There is nothing inherently wrong with the actual look of them, although they have a nasty tendency of making Prince Charleses out of the most delicate-lobed. There is also the hair issue, of course - short hair erupts below a cap like a valance beneath a bed, while the baseball cap wearer with long hair has a nasty tendency to poke it through the catch at the back in an unexplainable attempt to look like a fast food waitress.

READ MORE

They are undeniably practical items, useful against the rain as my friend pointed out, but also against the sun's glare, which I gather was the original point of them. They are presumably a good option if you are having a bad hair day, couldn't be bothered to wash your hair or are rather lacking in the hair department altogether. Indeed, I am almost persuaded to leave the follically challenged and the very young out of my putsch on baseball caps on the grounds of health and vanity (former) and cuteness (latter), but I am not quite convinced that any other hat wouldn't look better on both. (Rappers are definitely allowed to hang on to their caps as these are not worn for aesthetic reasons but as part of their heritage and, anyway, I'm scared of them.)

So what exactly is wrong with the poor ol' baseball cap then? My mates and I were floored when we tried to explain to our cap-wearing friend exactly what was so heinously awful about them. And I actually dumped a boyfriend over a breakdown of baseball cap communication. This, it seems, is the fundamental problem with these wretched hats - the gap between what the wearer thinks of the baseball cap and what the baseball cap hater thinks of it is just too wide.

Proud owners seem to think that a baseball cap says "I'm young but confident. I don't care too much about what I wear but I've got a touch of style. I'm freewheeling, easygoing and devil-may-care. I'm bald but nobody will know under this cap. I'm not going to get wet. What baseball cap?" What they say to me, and to the legions of other baseball cap bigots is: "I have no dress sense. I like to fit in. I'm liable to like sports and talk about them at length. I'm bald. I somehow think that wearing a baseball cap like thousands of others makes me unique. I'll barge ahead of you at the bar because I know the barman. I am a girl who says `Listen guys' all the time. I have an annoying laugh."
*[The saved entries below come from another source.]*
lemma path_residue_old_part:
  assumes gf: "good_flag_for I m V' \<tau> inc' a b X'" and ab: "{a, b} = {i, j}"
    and on_res: "p ` {..n} \<subseteq> residue V' inc' X'"
  shows "restrict_types (residue V' inc' X') \<tau> {a, b} \<inter> V \<subseteq> restrict_types (residue V inc X) \<tau> {i, j}"
proof
  fix v assume v: "v \<in> restrict_types (residue V' inc' X') \<tau> {a, b} \<inter> V"
  then have vV: "v \<in> V" and v_inc: "\<And>x. x \<in> X' \<Longrightarrow> inc' v x" and "\<tau> v \<in> {a, b}"
    unfolding restrict_types_def residue_def by auto
  then have tv: "\<tau> v \<in> {i, j}" using ab by simp
  have "inc v w" if w: "w \<in> X" for w
  proof (cases "cadj m (\<tau> v) (\<tau> w)")
    case True
    then have "w \<in> X'" using flag_contains_X_neighbours[OF gf ab on_res w] tv by auto
    then show ?thesis using v_inc inc'_old vV w X_sub_V by auto
  next
    case False
    moreover have "\<tau> v \<noteq> \<tau> w" using tv X_type[OF w] by auto
    ultimately show ?thesis using F[unfolded propF_def, rule_format, of v w] vV w X_sub_V by auto
  qed
  moreover have "v \<notin> X" using tv X_type by auto
  ultimately show "v \<in> restrict_types (residue V inc X) \<tau> {i, j}"
    using vV tv unfolding restrict_types_def residue_def by auto
qed
lemma prob_far_from_block_head_le:
  assumes "c \<in> block_heads" "0 < r" "r < \<epsilon>0"
  shows "prob {\<omega>\<in>space M. \<forall>i\<in>{1..n}. r < dist (X i \<omega>) c}
    \<le> (1 - \<kappa> r) ^ ((n div (m + 1)) div 2)"
proof -
  define J where "J = (n div (m + 1)) div 2"
  define t where "t j = (2 * j + 1) * (m + 1)" for j
  have far[measurable]: "{x. r < dist x c} \<in> sets borel"
    by (intro borel_open open_Collect_less continuous_intros)
  have "prob {\<omega>\<in>space M. X i \<omega> \<in> {x. r < dist x c}} \<le> 1 - \<kappa> r" for i
  proof -
    have "{\<omega>\<in>space M. X i \<omega> \<in> {x. r < dist x c}} = space M - {\<omega>\<in>space M. dist (X i \<omega>) c \<le> r}"
      by auto
    moreover have "{\<omega>\<in>space M. dist (X i \<omega>) c \<le> r} \<in> events" by measurable
    ultimately show ?thesis using prob_compl kappa_le_prob_ball[OF assms, of i] by simp
  qed
  then have "prob {\<omega>\<in>space M. \<forall>j<J. X (t j) \<omega> \<in> {x. r < dist x c}} \<le> (1 - \<kappa> r) ^ J"
    by (intro m_dependent_prob_all_le_power[OF mdep _ far]) (simp add: t_def)
  moreover have "t j \<in> {1..n}" if "j < J" for j
  proof -
    have "(2 * j + 1) * (m + 1) \<le> n div (m + 1) * (m + 1)"
      using that unfolding J_def by (intro mult_right_mono) auto
    then show ?thesis unfolding t_def using div_times_less_eq_dividend[of n "m + 1"] by simp
  qed
  then have "{\<omega>\<in>space M. \<forall>i\<in>{1..n}. r < dist (X i \<omega>) c}
      \<subseteq> {\<omega>\<in>space M. \<forall>j<J. X (t j) \<omega> \<in> {x. r < dist x c}}"
    by auto
  then have "prob {\<omega>\<in>space M. \<forall>i\<in>{1..n}. r < dist (X i \<omega>) c}
      \<le> prob {\<omega>\<in>space M. \<forall>j<J. X (t j) \<omega> \<in> {x. r < dist x c}}"
    by (rule finite_measure_mono) measurable
  ultimately show ?thesis unfolding J_def[symmetric] by linarith
qed

lemma hausdorff_event_sets:
  assumes "1 \<le> n"
  shows "{\<omega> \<in> space M. \<epsilon> < hausdorff_dist ((\<lambda>i. X i \<omega>) ` {1..n}) support} \<in> events"
  using assms support_nonempty support_bounded by (intro hausdorff_dist_event_measurable) auto

lemma block_heads_net:
  assumes r: "0 < r" "r < \<epsilon>0"
  obtains C where "finite C" "C \<subseteq> block_heads" "real (card C) * \<kappa> r \<le> 1"
    and "\<And>t. t \<in> block_heads \<Longrightarrow> \<exists>c\<in>C. dist t c \<le> 2 * r"
proof -
  have packing: "real (card C) * \<kappa> r \<le> 1"
    if "finite C" "C \<subseteq> block_heads" "dist_separated (2 * r) C" for C
  proof (rule card_separated_mult_le_1[OF rv[of 1] that(1,3)])
    show "\<kappa> r \<le> prob {\<omega>\<in>space M. dist (X 1 \<omega>) c \<le> r}" if "c \<in> C" for c
      using kappa_le_prob_ball[OF _ r] \<open>C \<subseteq> block_heads\<close> that by blast
  qed
  have "0 < \<kappa> r" using kappa_pos_le_1[OF r] by simp
  obtain C where "finite C" "C \<subseteq> block_heads" "dist_separated (2 * r) C"
    and "\<And>t. t \<in> block_heads \<Longrightarrow> \<exists>c\<in>C. dist t c \<le> 2 * r"
  proof (rule exists_separated_net[of "2 * r" block_heads "nat \<lfloor>1 / \<kappa> r\<rfloor>"])
    show "card C \<le> nat \<lfloor>1 / \<kappa> r\<rfloor>"
      if "finite C" "C \<subseteq> block_heads" "dist_separated (2 * r) C" for C
      using packing[OF that] \<open>0 < \<kappa> r\<close> by (intro le_nat_floor) (simp add: field_simps)
  qed (use r in auto)
  with packing that show ?thesis by blast
qed

lemma AE_far_sample_imp_far_from_net:
  assumes "1 \<le> n" "0 \<le> \<epsilon>" and net: "\<And>t. t \<in> block_heads \<Longrightarrow> \<exists>c\<in>C. dist t c \<le> \<delta>"
  shows "AE \<omega> in M. \<epsilon> < hausdorff_dist ((\<lambda>i. X i \<omega>) ` {1..n}) support
                    \<longrightarrow> (\<exists>c\<in>C. \<forall>i\<in>{1..n}. \<epsilon> - \<delta> < dist (X i \<omega>) c)"
  using AE_in_support
proof eventually_elim
  case (elim \<omega>)
  show ?case
  proof
    assume far: "\<epsilon> < hausdorff_dist ((\<lambda>i. X i \<omega>) ` {1..n}) support"
    obtain c where "c \<in> C" "\<forall>x\<in>(\<lambda>i. X i \<omega>) ` {1..n}. \<epsilon> - \<delta> < dist x c"
      by (rule net_point_far_from_sample[OF _ _ _ support_bounded
            support_subset_closure_block_heads net \<open>0 \<le> \<epsilon>\<close> far])
        (use elim \<open>1 \<le> n\<close> in auto)
    then show "\<exists>c\<in>C. \<forall>i\<in>{1..n}. \<epsilon> - \<delta> < dist (X i \<omega>) c" by auto
  qed
qed

lemma hausdorff_tail_bound:
  assumes \<epsilon>: "0 < \<epsilon>" "\<epsilon> < \<epsilon>0" and "1 \<le> n"
  shows "prob {\<omega> \<in> space M. \<epsilon> < hausdorff_dist ((\<lambda>i. X i \<omega>) ` {1..n}) support}
    \<le> (1 - \<kappa> (\<epsilon> / 2)) ^ ((n div (m + 1)) div 2) / \<kappa> (\<epsilon> / 4)"
proof -
  define q where "q = (1 - \<kappa> (\<epsilon> / 2)) ^ ((n div (m + 1)) div 2)"
  define Far where "Far c = {\<omega>\<in>space M. \<forall>i\<in>{1..n}. \<epsilon> / 2 < dist (X i \<omega>) c}" for c
  have "0 < \<kappa> (\<epsilon> / 4)" "\<kappa> (\<epsilon> / 2) \<le> 1" using kappa_pos_le_1 \<epsilon> by auto
  then have "0 \<le> q" unfolding q_def by simp
  obtain C where C: "finite C" "C \<subseteq> block_heads" "real (card C) * \<kappa> (\<epsilon> / 4) \<le> 1"
    and net: "\<And>t. t \<in> block_heads \<Longrightarrow> \<exists>c\<in>C. dist t c \<le> \<epsilon> / 2"
    using block_heads_net[of "\<epsilon> / 4"] \<epsilon> by auto
  have "AE \<omega> in M. \<omega> \<in> {\<omega> \<in> space M. \<epsilon> < hausdorff_dist ((\<lambda>i. X i \<omega>) ` {1..n}) support}
                    \<longrightarrow> \<omega> \<in> (\<Union>c\<in>C. Far c)"
  proof -
    have "AE \<omega> in M. \<epsilon> < hausdorff_dist ((\<lambda>i. X i \<omega>) ` {1..n}) support
                    \<longrightarrow> (\<exists>c\<in>C. \<forall>i\<in>{1..n}. \<epsilon> - \<epsilon> / 2 < dist (X i \<omega>) c)"
      by (rule AE_far_sample_imp_far_from_net) (use \<open>1 \<le> n\<close> \<epsilon> net in auto)
    then show ?thesis
      by eventually_elim (auto simp: Far_def)
  qed
  moreover have "Far c \<in> events" for c unfolding Far_def by measurable
  ultimately have "prob {\<omega> \<in> space M. \<epsilon> < hausdorff_dist ((\<lambda>i. X i \<omega>) ` {1..n}) support}
      \<le> prob (\<Union>c\<in>C. Far c)"
    using C(1) hausdorff_event_sets[OF \<open>1 \<le> n\<close>] by (intro finite_measure_mono_AE) auto
  also have "\<dots> \<le> (\<Sum>c\<in>C. prob (Far c))"
    using C(1) \<open>\<And>c. Far c \<in> events\<close> by (intro finite_measure_subadditive_finite) auto
  also have "\<dots> \<le> (\<Sum>c\<in>C. q)"
  proof (rule sum_mono)
    fix c assume "c \<in> C"
    with C(2) \<epsilon> show "prob (Far c) \<le> q"
      unfolding Far_def q_def by (intro prob_far_from_block_head_le) auto
  qed
  also have "\<dots> = real (card C) * q" by simp
  also have "\<dots> \<le> q / \<kappa> (\<epsilon> / 4)"
    using mult_right_mono[OF C(3) \<open>0 \<le> q\<close>] \<open>0 < \<kappa> (\<epsilon> / 4)\<close> by (simp add: field_simps)
  finally show ?thesis unfolding q_def .
qed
The other thing baseball caps say, of course, is "I am a supporter of a certain baseball team/rock band/brand of fertiliser", and here the problem gets knottier still. Because, essentially, the baseball cap, complete with logo, is a way of fitting in, of displaying your tribal loyalties and telling other people that you, too, are cool enough to follow the Giants. Admittedly, this gets a little subverted when your cap logo says "Triple Gradex Kills All Liverfluke Dead", but this too is a form of boast - that you are the kind of person who gets free baseball caps.

So perhaps it's time to let my campaign against the wearing of baseball caps subside. For a start, the wearers tend to be a particularly tenacious group who seem completely unworried by my hatred. Suggest a more fashionable alternative and you tend to be told that the whole point about wearing the baseball cap is that they're not fashionable; they're a uniform, they're just something you put on your head. The very qualities that prove their worth to the wearer are those that shout "Horror" to their enemies. So go ahead, wear the darn things, but just be careful before you go giving one to a loved one. And never wear one on a first date - the object of your desire just might think you're trying to say "I'm a bald, loud, fertiliser fan."